Problem to solve - Write only the number of lines in the entries that hold the string "notin".

Dataset entries
lemma infsum_fibre_small:
  fixes M :: "'s::semigroup_mult \<times> 's \<Rightarrow> 'c::banach"
  assumes M: "(\<lambda>x. norm (M x)) summable_on UNIV"
    and tail: "infsum (\<lambda>p. norm (M p)) (- F) \<le> \<epsilon>"
    and z: "z \<notin> (\<lambda>(x, y). x * y) ` (fst ` F \<times> snd ` F)"
    and agree: "pushforward (\<lambda>(u, y). (z * u, y)) M = pushforward (\<lambda>(x, v). (x, v * z)) M"
  shows "norm (infsum (pushforward (\<lambda>(x, v). (x, v * z)) M) {(x, y). x * y = z}) \<le> 2 * \<epsilon>"
proof -
  define N where "N = pushforward (\<lambda>(x, v). (x, v * z)) M"
  have N: "(\<lambda>x. norm (N x)) summable_on UNIV"
    unfolding N_def using abs_summable_pushforward[OF M] .
  have tail_le: "infsum (\<lambda>p. norm (M p)) X \<le> \<epsilon>" if "X \<subseteq> - F" for X
    using infsum_norm_mono_set[OF M that] tail by linarith
  define Fib where "Fib = {(x, y). x * y = z}"
  define A where "A = {p :: 's \<times> 's. snd p \<notin> snd ` F}"
  define B where "B = {p :: 's \<times> 's. fst p \<notin> fst ` F}"
  \<comment> \<open>Points of the fibre with second coordinate outside F are seen through the left
    translate, the others must have first coordinate outside F and are seen through
    the right translate.\<close>
  have "x * y \<noteq> z" if "x \<in> fst ` F" "y \<in> snd ` F" for x y
    using z that by blast
  then have "Fib - A \<subseteq> B"
    by (auto simp: Fib_def A_def B_def) (metis fst_conv image_eqI snd_conv)
  have A_preimage: "(\<lambda>(u, y). (z * u, y)) -` A \<subseteq> - F"
    by (force simp: A_def)
  have A_small: "infsum (\<lambda>p. norm (N p)) A \<le> \<epsilon>"
    using infsum_norm_pushforward_le[OF M, of "\<lambda>(u, y). (z * u, y)" A] tail_le[OF A_preimage]
    unfolding N_def agree[symmetric] by linarith
  have B_preimage: "(\<lambda>(x, v). (x, v * z)) -` B \<subseteq> - F"
    by (force simp: B_def)
  have B_small: "infsum (\<lambda>p. norm (N p)) B \<le> \<epsilon>"
    using infsum_norm_pushforward_le[OF M, of "\<lambda>(x, v). (x, v * z)" B] tail_le[OF B_preimage]
    unfolding N_def by linarith
  have "infsum N Fib = infsum N (Fib \<inter> A) + infsum N (Fib - A)"
    using infsum_Un_disjoint[OF abs_summable_summable_on[OF N] abs_summable_summable_on[OF N],
        of "Fib \<inter> A" "Fib - A"]
    by (simp add: Int_Diff_Un Int_Diff_disjoint)
  also have "norm \<dots> \<le> 2 * \<epsilon>"
    using norm_infsum_le_infsum_norm[OF N, of "Fib \<inter> A" A] A_small
      norm_infsum_le_infsum_norm[OF N \<open>Fib - A \<subseteq> B\<close>] B_small
      norm_triangle_ineq[of "infsum N (Fib \<inter> A)" "infsum N (Fib - A)"] by auto
  finally show ?thesis unfolding N_def Fib_def .
qed

lemma bimod_morph_far_from_diagonal:
  fixes e :: "'s::semigroup_mult"
  assumes "infinite (UNIV :: 's set)" and left: "\<forall>s. e * s = s" and right: "\<forall>s. s * e = s"
    and \<rho>: "bimod_morph \<rho>"
  shows "1 \<le> l1norm (\<lambda>t. piS (\<rho> (delta e)) t - delta e t)" (is "1 \<le> ?d")
proof (rule ccontr)
  assume "\<not> 1 \<le> ?d"
  define M where "M = \<rho> (delta e)"
  have "M \<in> l1"
    unfolding M_def using bimod_morph_in_l1[OF \<rho> delta_in_l1] .
  then have M: "(\<lambda>x. norm (M x)) summable_on UNIV"
    unfolding l1_def by simp
  have "0 < (1 - ?d) / 4"
    using \<open>\<not> 1 \<le> ?d\<close> by simp
  then obtain F where F: "finite F" "infsum (\<lambda>p. norm (M p)) (- F) \<le> (1 - ?d) / 4"
    using abs_summable_small_tail[OF M] by blast
  have "finite ((\<lambda>(x, y). x * y) ` (fst ` F \<times> snd ` F))"
    using F(1) by simp
  then obtain z where z: "z \<notin> (\<lambda>(x, y). x * y) ` (fst ` F \<times> snd ` F)"
    using ex_new_if_finite[OF assms(1)] by blast
  let ?P = "infsum (pushforward (\<lambda>(x, v). (x, v * z)) M) {(x, y). x * y = z}"
  have "norm ?P \<le> 2 * ((1 - ?d) / 4)"
    using infsum_fibre_small[OF M F(2) z] bimod_morph_translates_agree[OF left right \<rho>]
    unfolding M_def by blast
  moreover have "piS M \<in> l1"
    unfolding piS_eq_pushforward using pushforward_in_l1[OF \<open>M \<in> l1\<close>] .
  then have "norm (?P - 1) \<le> ?d"
    using norm_infsum_sub_delta_le[of "piS M" "{w. w * z = z}" e] left
    unfolding M_def[symmetric] infsum_fibre_right_translate[OF M] piS_eq_pushforward by simp
  ultimately have "norm (1::complex) < 1"
    using \<open>\<not> 1 \<le> ?d\<close> norm_triangle_ineq4[of ?P "?P - 1"] by simp
  then show False by simp
qed

theorem mainTheorem6:
  assumes "\<exists>e::'s::semigroup_mult. \<forall>s. e * s = s"
    and "approx_biprojective TYPE('s)"
    and "has_right_approx_identity TYPE('s)"
  shows "finite (UNIV :: 's set)"
proof (rule ccontr)
  assume infinite: "infinite (UNIV :: 's set)"
  obtain e :: 's where left: "\<forall>s. e * s = s" using assms(1) by blast
  have right: "\<forall>s. s * e = s" using left_unit_is_right_unit[OF left assms(3)] by blast
  from assms(2) obtain G :: "(('s \<Rightarrow> complex) \<Rightarrow> ('s \<times> 's \<Rightarrow> complex)) filter" where
    G: "G \<noteq> bot" "eventually bimod_morph G"
    and lim: "\<forall>a\<in>l1. ((\<lambda>\<rho>. l1norm (\<lambda>t. piS (\<rho> a) t - a t)) \<longlongrightarrow> 0) G"
    unfolding approx_biprojective_def by blast
  have "eventually (\<lambda>\<rho>. l1norm (\<lambda>t. piS (\<rho> (delta e)) t - delta e t) < 1) G"
    using order_tendstoD(2)[OF bspec[OF lim delta_in_l1], of 1] by simp
  then obtain \<rho> where \<rho>: "bimod_morph \<rho>" "l1norm (\<lambda>t. piS (\<rho> (delta e)) t - delta e t) < 1"
    using eventually_happens'[OF G(1) eventually_conj[OF G(2)]] by blast
  then show False
    using bimod_morph_far_from_diagonal[OF infinite left right \<rho>(1)] by linarith
qed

Solved problem - 4